Minimal Microscopic Heat Engine published in Phys. Rev. E

Experimental realization of a minimal microscopic heat engine

Experimental realization of a minimal microscopic heat engine
Aykut Argun, Jalpa Soni, Lennart Dabelow, Stefano Bo, Giuseppe Pesce, Ralf Eichhorn & Giovanni Volpe
Physical Review E 96(5), 052106 (2017)
DOI: 10.1103/PhysRevE.96.052106
arXiv: 1708.07197

Microscopic heat engines are microscale systems that convert energy flows between heat reservoirs into work or systematic motion. We have experimentally realized a minimal microscopic heat engine. It consists of a colloidal Brownian particle optically trapped in an elliptical potential well and simultaneously coupled to two heat baths at different temperatures acting along perpendicular directions.
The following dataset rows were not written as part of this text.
lemma psi_strict_mono:
  fixes T :: "'a::{real_inner,complete_space} \<Rightarrow> 'a set"
  assumes "maximal_monotone T" "0 \<le> a" "0 \<le> b" "0 \<notin> T z"
  shows "strict_mono_on {0<..} (\<lambda>\<rho>. psi a b T \<rho> z)"
proof (rule strict_mono_onI)
  fix x y :: real assume "x \<in> {0<..}" "y \<in> {0<..}" "x < y"
  then have xy: "0 < x" "x < y" by auto
  let ?\<phi> = "\<lambda>\<rho>. norm (resolvent \<rho> T z - z)"
  have "x * ?\<phi> x < y * ?\<phi> x"
    using xy resolvent_dist_pos[OF assms(1) xy(1) assms(4)] by simp
  also have "\<dots> \<le> y * ?\<phi> y"
    using xy resolvent_dist_mono[OF assms(1) xy(1), of y z] by (intro mult_left_mono) auto
  finally have "(x * ?\<phi> x)\<^sup>2 < (y * ?\<phi> y)\<^sup>2"
    using xy by (intro power_strict_mono) auto
  moreover have "a * x\<^sup>2 \<le> a * y\<^sup>2" "b * x \<le> b * y"
    using assms(2,3) xy by (auto intro!: mult_left_mono power_mono)
  ultimately show "psi a b T x z < psi a b T y z"
    unfolding psi_def by linarith
qed

lemma psi_continuous:
  fixes T :: "'a::{real_inner,complete_space} \<Rightarrow> 'a set"
  assumes "maximal_monotone T"
  shows "continuous_on {0<..} (\<lambda>\<rho>. psi a b T \<rho> z)"
proof -
  have "continuous_on {0<..} (\<lambda>\<rho>. norm (resolvent \<rho> T z - z))"
    using resolvent_dist_mono[OF assms] resolvent_dist_div_antimono[OF assms]
    by (rule continuous_on_mono_div_antimono)
  then have "continuous_on {0<..} (\<lambda>\<rho>. (\<rho> * norm (resolvent \<rho> T z - z))\<^sup>2)"
    by (intro continuous_on_power continuous_on_mult continuous_on_id)
  moreover have "continuous_on {0<..} (\<lambda>\<rho>. a * \<rho>\<^sup>2 + b * \<rho>)"
    by (intro continuous_intros)
  ultimately show ?thesis
    unfolding psi_def by (rule continuous_on_add[rotated])
qed

lemma psi_tendsto_zero:
  fixes T :: "'a::{real_inner,complete_space} \<Rightarrow> 'a set"
  assumes "maximal_monotone T" "0 \<le> a" "0 \<le> b"
  shows "((\<lambda>\<rho>. psi a b T \<rho> z) \<longlongrightarrow> 0) (at_right 0)"
proof (rule tendsto_sandwich)
  let ?\<phi> = "\<lambda>\<rho>. norm (resolvent \<rho> T z - z)"
  have small: "\<forall>\<^sub>F \<rho> in at_right 0. \<rho> \<in> {0<..<1::real}"
    by (rule eventually_at_right_real) simp
  then show "\<forall>\<^sub>F \<rho> in at_right 0. 0 \<le> psi a b T \<rho> z"
    by eventually_elim (use assms in \<open>simp add: psi_def\<close>)
  show "\<forall>\<^sub>F \<rho> in at_right 0. psi a b T \<rho> z \<le> a * \<rho>\<^sup>2 + b * \<rho> + (\<rho> * ?\<phi> 1)\<^sup>2"
    using small
  proof eventually_elim
    case (elim \<rho>)
    then have "\<rho> * ?\<phi> \<rho> \<le> \<rho> * ?\<phi> 1"
      using resolvent_dist_mono[OF assms(1), of \<rho> 1 z] by (intro mult_left_mono) auto
    then show ?case
      using elim unfolding psi_def by (simp add: power_mono)
  qed
  have "((\<lambda>\<rho>. a * \<rho>\<^sup>2 + b * \<rho> + (\<rho> * ?\<phi> 1)\<^sup>2) \<longlongrightarrow> a * 0\<^sup>2 + b * 0 + (0 * ?\<phi> 1)\<^sup>2) (at_right 0)"
    by (intro tendsto_intros)
  then show "((\<lambda>\<rho>. a * \<rho>\<^sup>2 + b * \<rho> + (\<rho> * ?\<phi> 1)\<^sup>2) \<longlongrightarrow> 0) (at_right 0)"
    by simp
qed simp

lemma psi_at_top:
  fixes T :: "'a::{real_inner,complete_space} \<Rightarrow> 'a set"
  assumes "maximal_monotone T" "0 \<le> a" "0 \<le> b" "0 \<notin> T z"
  shows "filterlim (\<lambda>\<rho>. psi a b T \<rho> z) at_top at_top"
proof (rule filterlim_at_top_mono)
  let ?c = "(norm (resolvent 1 T z - z))\<^sup>2"
  have "0 < ?c"
    using resolvent_dist_pos[OF assms(1) _ assms(4)] by simp
  then show "filterlim (\<lambda>\<rho>. ?c * \<rho>) at_top at_top"
    by (rule filterlim_tendsto_pos_mult_at_top[OF tendsto_const _ filterlim_ident])
  show "\<forall>\<^sub>F \<rho> in at_top. ?c * \<rho> \<le> psi a b T \<rho> z"
    using eventually_ge_at_top[of "1::real"]
  proof eventually_elim
    case (elim \<rho>)
    have "?c * \<rho> \<le> ?c * \<rho>\<^sup>2"
      using elim by (intro mult_left_mono) (auto simp: power2_eq_square)
    also have "\<dots> \<le> (\<rho> * norm (resolvent \<rho> T z - z))\<^sup>2"
      using elim resolvent_dist_mono[OF assms(1), of 1 \<rho> z]
      by (simp add: power_mult_distrib mult.commute mult_left_mono power_mono)
    also have "\<dots> \<le> psi a b T \<rho> z"
      using assms(2,3) elim unfolding psi_def by simp
    finally show ?case .
  qed
qed

lemma psi_ratio_le_pow4:
  fixes T :: "'a::{real_inner,complete_space} \<Rightarrow> 'a set"
  assumes "maximal_monotone T" "0 \<le> a" "0 \<le> b" "0 < x" "x \<le> y"
  shows "psi a b T y z * x ^ 4 \<le> psi a b T x z * y ^ 4"
proof -
  let ?\<phi> = "\<lambda>\<rho>. norm (resolvent \<rho> T z - z)"
  have a_term: "a * y\<^sup>2 * x ^ 4 \<le> a * x\<^sup>2 * y ^ 4"
  proof -
    have "(a * x\<^sup>2 * y\<^sup>2) * x\<^sup>2 \<le> (a * x\<^sup>2 * y\<^sup>2) * y\<^sup>2"
      using assms(2,4,5) by (intro mult_left_mono power_mono) auto
    then show ?thesis
      by (simp add: power2_eq_square power4_eq_xxxx algebra_simps)
  qed
  have b_term: "b * y * x ^ 4 \<le> b * x * y ^ 4"
  proof -
    have "(b * x * y) * x ^ 3 \<le> (b * x * y) * y ^ 3"
      using assms(3,4,5) by (intro mult_left_mono power_mono) auto
    then show ?thesis
      by (simp add: power3_eq_cube power4_eq_xxxx algebra_simps)
  qed
  have \<phi>_term: "(y * ?\<phi> y)\<^sup>2 * x ^ 4 \<le> (x * ?\<phi> x)\<^sup>2 * y ^ 4"
  proof -
    have "(x * ?\<phi> y)\<^sup>2 \<le> (y * ?\<phi> x)\<^sup>2"
      using resolvent_dist_div_antimono[OF assms(1,4,5)] assms(4) by (intro power_mono) auto
    then have "(x * ?\<phi> y)\<^sup>2 * (x\<^sup>2 * y\<^sup>2) \<le> (y * ?\<phi> x)\<^sup>2 * (x\<^sup>2 * y\<^sup>2)"
      by (intro mult_right_mono) auto
    then show ?thesis
      by (simp add: power2_eq_square power4_eq_xxxx algebra_simps)
  qed
  show ?thesis
    using a_term b_term \<phi>_term unfolding psi_def distrib_right by linarith
qed

lemma continuous_level_attained:
  fixes f :: "real \<Rightarrow> real"
  assumes "continuous_on {0<..} f" "(f \<longlongrightarrow> 0) (at_right 0)" "filterlim f at_top at_top" "0 < \<theta>"
  shows "\<exists>\<rho>>0. f \<rho> = \<theta>"
proof -
  have "\<forall>\<^sub>F \<rho> in at_right 0. f \<rho> < \<theta> \<and> 0 < \<rho>"
    using order_tendstoD(2)[OF assms(2,4)] eventually_at_right_less by (rule eventually_conj)
  then obtain r1 where r1: "f r1 < \<theta>" "0 < r1"
    using eventually_happens'[OF trivial_limit_at_right_real] by blast
  obtain r2 where r2: "\<theta> \<le> f r2" "r1 \<le> r2"
    using assms(3) unfolding filterlim_at_top eventually_at_top_linorder
    by (metis max.cobounded1 max.cobounded2)
  have "continuous_on {r1..r2} f"
    using r1(2) by (intro continuous_on_subset[OF assms(1)]) auto
  then obtain \<rho> where "r1 \<le> \<rho>" "f \<rho> = \<theta>"
    using IVT'[of f r1 \<theta> r2] r1 r2 by fastforce
  then show ?thesis
    using r1(2) by (intro exI[of _ \<rho>]) auto
qed

lemma strict_mono_on_level_set:
  fixes f :: "real \<Rightarrow> real"
  assumes "strict_mono_on {0<..} f" "0 < \<rho>m" "0 < \<rho>p" "f \<rho>m \<le> f \<rho>p"
  shows "\<rho>m \<le> \<rho>p \<and> {\<rho>. 0 < \<rho> \<and> f \<rho>m \<le> f \<rho> \<and> f \<rho> \<le> f \<rho>p} = {\<rho>m..\<rho>p}"
  using assms strict_mono_on_less_eq[OF assms(1)] by auto

lemma powr_quarter_le:
  fixes q r :: real
  assumes "0 \<le> q" "0 < r" "q \<le> r ^ 4"
  shows "q powr (1/4) \<le> r"
proof -
  have "q powr (1/4) \<le> (r ^ 4) powr (1/4)"
    using assms by (intro powr_mono2) auto
  also have "\<dots> = (r powr 4) powr (1/4)"
    using powr_realpow[OF assms(2), of 4] by simp
  also have "\<dots> = r"
    using assms(2) by (simp only: powr_powr) simp
  finally show ?thesis .
qed

theorem lemma5p6:
  fixes T :: "'a::{real_inner, complete_space} \<Rightarrow> 'a set"
    and a b :: real and z :: 'a
  assumes "maximal_monotone T"
    and "a \<ge> 0" and "b \<ge> 0"
    and "0 \<notin> T z"
  shows "(\<forall>\<rho>>0. psi a b T \<rho> z > 0)
    \<and> strict_mono_on {0<..} (\<lambda>\<rho>. psi a b T \<rho> z)
    \<and> continuous_on {0<..} (\<lambda>\<rho>. psi a b T \<rho> z)
    \<and> ((\<lambda>\<rho>. psi a b T \<rho> z) \<longlongrightarrow> 0) (at_right 0)
    \<and> filterlim (\<lambda>\<rho>. psi a b T \<rho> z) at_top at_top
    \<and> (\<forall>\<theta>m \<theta>p. 0 < \<theta>m \<and> \<theta>m < \<theta>p \<longrightarrow>
         (\<exists>\<rho>m \<rho>p. 0 < \<rho>m \<and> \<rho>m \<le> \<rho>p
            \<and> {\<rho>. 0 < \<rho> \<and> \<theta>m \<le> psi a b T \<rho> z \<and> psi a b T \<rho> z \<le> \<theta>p} = {\<rho>m..\<rho>p}
            \<and> psi a b T \<rho>m z = \<theta>m \<and> psi a b T \<rho>p z = \<theta>p
            \<and> \<rho>p / \<rho>m \<ge> (\<theta>p / \<theta>m) powr (1/4)))"
proof (intro conjI allI impI)
  note psi_continuous[OF assms(1)] psi_tendsto_zero[OF assms(1-3)] psi_at_top[OF assms]
  note levels = continuous_level_attained[OF this]
  fix \<theta>m \<theta>p :: real assume \<theta>: "0 < \<theta>m \<and> \<theta>m < \<theta>p"
  obtain \<rho>m \<rho>p where \<rho>: "0 < \<rho>m" "psi a b T \<rho>m z = \<theta>m" "0 < \<rho>p" "psi a b T \<rho>p z = \<theta>p"
    using levels[of \<theta>m] levels[of \<theta>p] \<theta> by auto
  then have interval: "\<rho>m \<le> \<rho>p \<and> {\<rho>. 0 < \<rho> \<and> \<theta>m \<le> psi a b T \<rho> z \<and> psi a b T \<rho> z \<le> \<theta>p} = {\<rho>m..\<rho>p}"
    using strict_mono_on_level_set[OF psi_strict_mono[OF assms], of \<rho>m \<rho>p] \<theta> by auto
  then have "\<theta>p * \<rho>m ^ 4 \<le> \<theta>m * \<rho>p ^ 4"
    using psi_ratio_le_pow4[OF assms(1-3) \<rho>(1), of \<rho>p z] \<rho> by simp
  then have "\<theta>p / \<theta>m \<le> (\<rho>p / \<rho>m) ^ 4"
    using \<theta> \<rho>(1) by (simp add: power_divide field_simps)
  then have "(\<theta>p / \<theta>m) powr (1/4) \<le> \<rho>p / \<rho>m"
    using \<theta> \<rho> by (intro powr_quarter_le) auto
  then show "\<exists>\<rho>m \<rho>p. 0 < \<rho>m \<and> \<rho>m \<le> \<rho>p
            \<and> {\<rho>. 0 < \<rho> \<and> \<theta>m \<le> psi a b T \<rho> z \<and> psi a b T \<rho> z \<le> \<theta>p} = {\<rho>m..\<rho>p}
            \<and> psi a b T \<rho>m z = \<theta>m \<and> psi a b T \<rho>p z = \<theta>p
            \<and> \<rho>p / \<rho>m \<ge> (\<theta>p / \<theta>m) powr (1/4)"
    using \<rho> interval by blast
qed (use psi_pos[OF assms] psi_strict_mono[OF assms] psi_continuous[OF assms(1)]
      psi_tendsto_zero[OF assms(1-3)] psi_at_top[OF assms] in auto)

end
For a generic arrangement of the principal directions of the baths and the potential, the symmetry of the system is broken, such that the heat flow drives a systematic gyrating motion of the particle around the potential minimum. Using the experimentally measured trajectories, we quantify the gyrating motion of the particle, the resulting torque that it exerts on the potential, and the associated heat flow between the heat baths. We find excellent agreement between the experimental results and the theoretical predictions.